Integrates energy and climate policy: Climate change policy and energy policy should be coordinated to ensure a diverse and secure supply of affordable energy and avoid overlapping or duplicating existing energy and climate change programs. This must create a level competitive playing field among energy sources and between countries and encourage efficient use of energy.

Promotes innovation: Climate change policy should promote government and private sector investment in energy research and development and match the pace at which new technology can be developed and deployed.

Demonstrates real GHG reductions: It should result in the stabilization of global GHG atmospheric concentrations and foster resiliency to the impacts of a changing climate.

Provides economic certainty: It should provide long-term certainty for investment decisions and avoid undue harm to the economy.

Read more about our climate change public policy principles.

Methane Policy

In the absence of a carbon price in the U.S., the economy-wide direct regulation of methane would be effective. We support well-formulated federal regulation of methane emissions from oil and gas exploration and production if that regulation:

  • Encourages early adopters and voluntary efforts.
  • Incorporates cost-effective innovations in technology.
  • Supports appropriate state-level regulations.

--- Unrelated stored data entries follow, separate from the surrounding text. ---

text \<open>
  The generator A is a nilpotent shear on the coordinates 1, 2 plus the generator of an
  elliptic rotation on the coordinates 3, 4, so e^{tA} x = (x1 + t x2, x2, R(t) (x3, x4)) with
  R(t) periodic and preserving the quadratic form a^2 + 4 b^2. For x in the cone with x2 > 0 the
  slack 2 (x1 + t x2) x2 - x2^2 of the cone inequality grows linearly in t and eventually absorbs
  the bounded rotated part, while x2 = 0 forces x to be a fixed point. The dual semigroup
  behaves in the same way on the dual cone, which is computed from the self-duality of the
  Lorentz cone: in the coordinates x1, x1 - x2, x3, x4 the cone is a Lorentz cone.
  Uniform eventual nonnegativity fails because at quarter periods R(t) maps (0, b) to (2 b, 0):
  for the boundary point ((1 + b^2)/2, 1, 0, b) this costs 3 b^2 against a linear gain of 2 t.
\<close>

subsection \<open>Exponential series\<close>

lemma mexp_apply_eqI:
  fixes M :: "real^'n^'n"
  assumes "\<And>i. (\<lambda>k. t^k / fact k * ((\<lambda>y. M *v y) ^^ k) x $ i) sums L $ i"
  shows "mexp_apply M t x = L"
proof -
  have "(\<lambda>k. (t^k / fact k) *\<^sub>R ((\<lambda>y. M *v y) ^^ k) x) sums L"
    unfolding sums_def
  proof (rule vec_tendstoI)
    fix i
    show "((\<lambda>n. (\<Sum>k<n. (t^k / fact k) *\<^sub>R ((\<lambda>y. M *v y) ^^ k) x) $ i)
        \<longlongrightarrow> L $ i) sequentially"
      using assms[of i] unfolding sums_def by (simp add: sum_component)
  qed
  then show ?thesis
    unfolding mexp_apply_def by (rule sums_unique[symmetric])
qed

lemma exp_series_vanishing_from_2:
  fixes u :: "nat \<Rightarrow> real"
  assumes "\<And>k. 2 \<le> k \<Longrightarrow> u k = 0"
  shows "(\<lambda>k. t^k / fact k * u k) sums (u 0 + t * u 1)"
proof -
  have "(\<lambda>k. t^k / fact k * u k) sums (\<Sum>k\<in>{0,1}. t^k / fact k * u k)"
    by (rule sums_finite) (use assms in auto)
  then show ?thesis by simp
qed

lemma coupled_recurrence_closed_form:
  fixes u w :: "nat \<Rightarrow> real"
  assumes u: "\<And>k. u (Suc k) = p * w k" and w: "\<And>k. w (Suc k) = q * u k"
  shows "u (2*m) = (p*q)^m * u 0" and "u (2*m + 1) = (p*q)^m * p * w 0"
proof -
  have "u (2*m) = (p*q)^m * u 0 \<and> w (2*m) = (p*q)^m * w 0"
    by (induction m) (simp_all add: u w)
  then show "u (2*m) = (p*q)^m * u 0" and "u (2*m + 1) = (p*q)^m * p * w 0"
    by (simp_all add: u)
qed

lemma exp_series_coupled_recurrence:
  fixes u w :: "nat \<Rightarrow> real"
  assumes u: "\<And>k. u (Suc k) = p * w k" and w: "\<And>k. w (Suc k) = q * u k"
    and pq: "p * q = - (r^2)" and "r \<noteq> 0"
  shows "(\<lambda>k. t^k / fact k * u k) sums (cos (r*t) * u 0 + p/r * sin (r*t) * w 0)"
proof -
  have pq_power: "(p*q)^m = (-1)^m * r^(2*m)" for m
    unfolding pq power_mult by (rule power_minus)
  note closed_form =
    coupled_recurrence_closed_form[where u = u and w = w and p = p and q = q, OF u w]
  have term_eq: "t^k / fact k * u k
      = cos_coeff k * (r*t)^k * u 0 + sin_coeff k * (r*t)^k * (p/r * w 0)" for k
  proof (cases "even k")
    case True
    then obtain m where k: "k = 2*m" by blast
    have "cos_coeff k = (-1)^m / fact k" "sin_coeff k = 0"
      unfolding cos_coeff_def sin_coeff_def using k by auto
    then show ?thesis
      unfolding k closed_form pq_power
      by (simp add: power_mult_distrib)
  next
    case False
    then obtain m where k: "k = 2*m + 1" using oddE by blast
    have "sin_coeff k = (-1)^m / fact k" "cos_coeff k = 0"
      unfolding cos_coeff_def sin_coeff_def using k by auto
    then show ?thesis
      unfolding k closed_form pq_power
      using \<open>r \<noteq> 0\<close> by (simp add: power_mult_distrib field_simps)
  qed
  have "(\<lambda>k. cos_coeff k * (r*t)^k * u 0 + sin_coeff k * (r*t)^k * (p/r * w 0))
      sums (cos (r*t) * u 0 + sin (r*t) * (p/r * w 0))"
    using cos_converges[of "r*t"] sin_converges[of "r*t"]
    by (intro sums_add sums_mult2) simp_all
  then show ?thesis
    unfolding term_eq by (simp add: mult_ac)
qed

lemma exp_series_component_shear:
  fixes M :: "real^'n^'n"
  assumes Mi: "\<And>y. (M *v y) $ i = y $ j" and Mj: "\<And>y. (M *v y) $ j = 0"
  shows "(\<lambda>k. t^k / fact k * ((\<lambda>y. M *v y) ^^ k) x $ i) sums (x $ i + t * x $ j)"
    and "(\<lambda>k. t^k / fact k * ((\<lambda>y. M *v y) ^^ k) x $ j) sums x $ j"
proof -
  define P where "P k = ((\<lambda>y. M *v y) ^^ k) x" for k
  have P_Suc: "P (Suc k) = M *v P k" for k
    unfolding P_def by simp
  have Pj: "1 \<le> k \<Longrightarrow> P k $ j = 0" for k
    by (cases k) (simp_all add: P_Suc Mj)
  have Pi: "2 \<le> k \<Longrightarrow> P k $ i = 0" for k
    by (cases k) (simp_all add: P_Suc Mi Pj)
  show "(\<lambda>k. t^k / fact k * P k $ i) sums (x $ i + t * x $ j)"
    using exp_series_vanishing_from_2[of "\<lambda>k. P k $ i" t] Pi
    by (simp add: P_def Mi)
  show "(\<lambda>k. t^k / fact k * P k $ j) sums x $ j"
    using exp_series_vanishing_from_2[of "\<lambda>k. P k $ j" t] Pj
    by (simp add: P_def Mj)
qed

lemma exp_series_component_rotation:
  fixes M :: "real^'n^'n"
  assumes Mi: "\<And>y. (M *v y) $ i = p * y $ j" and Mj: "\<And>y. (M *v y) $ j = q * y $ i"
    and "p * q = - (r^2)" and "r \<noteq> 0"
  shows "(\<lambda>k. t^k / fact k * ((\<lambda>y. M *v y) ^^ k) x $ i)
           sums (cos (r*t) * x $ i + p/r * sin (r*t) * x $ j)"
  using exp_series_coupled_recurrence[where u = "\<lambda>k. ((\<lambda>y. M *v y) ^^ k) x $ i"
      and w = "\<lambda>k. ((\<lambda>y. M *v y) ^^ k) x $ j", OF _ _ assms(3,4)]
  by (simp add: Mi Mj)

lemma ex_nonneg_ge_iff_eventually_at_top:
  "(\<exists>t0\<ge>0. \<forall>t\<ge>t0. P t) \<longleftrightarrow> (\<forall>\<^sub>F t in at_top. P (t :: real))"
  unfolding eventually_at_top_linorder
  by (metis max.cobounded1 max.cobounded2 order_trans)

lemma indiv_ev_nonneg_iff_eventually:
  "indiv_ev_nonneg A K \<longleftrightarrow> (\<forall>x\<in>K. \<forall>\<^sub>F t in at_top. mexp_apply A t x \<in> K)"
  unfolding indiv_ev_nonneg_def ex_nonneg_ge_iff_eventually_at_top ..

lemma unif_ev_nonneg_iff_eventually:
  "unif_ev_nonneg A K \<longleftrightarrow> (\<forall>\<^sub>F t in at_top. \<forall>x\<in>K. mexp_apply A t x \<in> K)"
  unfolding unif_ev_nonneg_def ex_nonneg_ge_iff_eventually_at_top ..

lemma eventually_affine_ge_at_top:
  fixes a b c :: real
  assumes "0 < c"
  shows "\<forall>\<^sub>F t in at_top. b \<le> a + t * c"
  using eventually_ge_at_top[of "(b - a) / c"]
  by eventually_elim (use assms in \<open>simp add: field_simps\<close>)

lemma frequently_quarter_period:
  "\<exists>\<^sub>F t in at_top. cos (2*pi*t) = 0 \<and> sin (2*pi*t) = 1"
  unfolding frequently_def eventually_at_top_linorder
proof clarsimp
  fix N :: real
  define t where "t = real (nat \<lceil>N\<rceil>) + 1/4"
  have "2*pi*t = real (2 * nat \<lceil>N\<rceil>) * pi + pi/2"
    unfolding t_def by (simp add: algebra_simps)
  then have "cos (2*pi*t) = 0 \<and> sin (2*pi*t) = 1"
    by (simp add: cos_add sin_add)
  moreover have "N \<le> t"
    unfolding t_def by linarith
  ultimately show "\<exists>t\<ge>N. cos (2*pi*t) = 0 \<and> sin (2*pi*t) = 1"
    by blast
qed

subsection \<open>The cone and its dual\<close>

lemma lorentz_cone_self_dual:
  fixes b :: "'a::real_inner"
  shows "norm b \<le> b0 \<longleftrightarrow> (\<forall>a a0. norm a \<le> a0 \<longrightarrow> 0 \<le> a0 * b0 + a \<bullet> b)"
proof
  assume b: "norm b \<le> b0"
  show "\<forall>a a0. norm a \<le> a0 \<longrightarrow> 0 \<le> a0 * b0 + a \<bullet> b"
  proof (intro allI impI)
    fix a :: 'a and a0 :: real
    assume "norm a \<le> a0"
    with b have "\<bar>a \<bullet> b\<bar> \<le> a0 * b0"
      using Cauchy_Schwarz_ineq2[of a b] by (meson mult_mono norm_ge_zero order_trans)
    then show "0 \<le> a0 * b0 + a \<bullet> b" by linarith
  qed
next
  assume dual: "\<forall>a a0. norm a \<le> a0 \<longrightarrow> 0 \<le> a0 * b0 + a \<bullet> b"
  have "0 \<le> b0"
    using dual[rule_format, of 0 1] by simp
  moreover have "0 \<le> norm b * (b0 - norm b)"
    using dual[rule_format, of "- b" "norm b"]
    by (simp add: power2_norm_eq_inner[symmetric] power2_eq_square algebra_simps)
  ultimately show "norm b \<le> b0"
    by (cases "norm b = 0") (simp_all add: zero_le_mult_iff)
qed

lemma vector_4 [simp]:
  "(vector [a, b, c, d] :: ('a::zero)^4) $ 1 = a"
  "(vector [a, b, c, d] :: ('a::zero)^4) $ 2 = b"
  "(vector [a, b, c, d] :: ('a::zero)^4) $ 3 = c"
  "(vector [a, b, c, d] :: ('a::zero)^4) $ 4 = d"
  unfolding vector_def by simp_all

lemma inner_4: "(z :: real^4) \<bullet> x = z$1 * x$1 + z$2 * x$2 + z$3 * x$3 + z$4 * x$4"
  by (simp add: inner_vec_def sum_4)

definition dual_cone4 :: "(real^4) set" where
  "dual_cone4 = {x. (x$3)^2 + (x$4)^2 \<le> (x$1)^2 + 2 * x$1 * x$2 \<and> x$1 \<ge> - x$2}"

lemma cone4_iff_norm: "x \<in> cone4 \<longleftrightarrow> norm (x$1 - x$2, x$3, x$4) \<le> x$1"
  unfolding cone4_def norm_le_square by (simp add: power2_eq_square algebra_simps conj_commute)

lemma dual_cone4_iff_norm: "z \<in> dual_cone4 \<longleftrightarrow> norm (- z$2, z$3, z$4) \<le> z$1 + z$2"
  unfolding dual_cone4_def norm_le_square by (auto simp: power2_eq_square algebra_simps)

Climate Change Public Policy

We believe that effective climate change policy must be aligned with the following principles:

  • Recognize that climate change is a global issue which requires global solutions. Economy-wide governmental GHG management frameworks should be linked to binding international agreements comprising the major GHG contributors.
  • Result in the stabilization of global GHG atmospheric concentrations.
  • Coordinate with energy policy to ensure a diverse and secure supply of affordable energy.
  • Utilize market-based mechanisms rather than technology mandates.
  • Create a level, competitive playing field among energy sources and between countries.
  • Avoid overlapping or duplicating existing energy and climate change programs.
  • Provide long-term certainty for investment decisions.
  • Promote government and private sector investment in energy research and development.
  • Match the pace at which new technology can be developed and deployed.
  • Encourage efficient use of energy.
  • Foster resiliency to the impacts of a changing climate.
  • Avoid undue harm to the economy.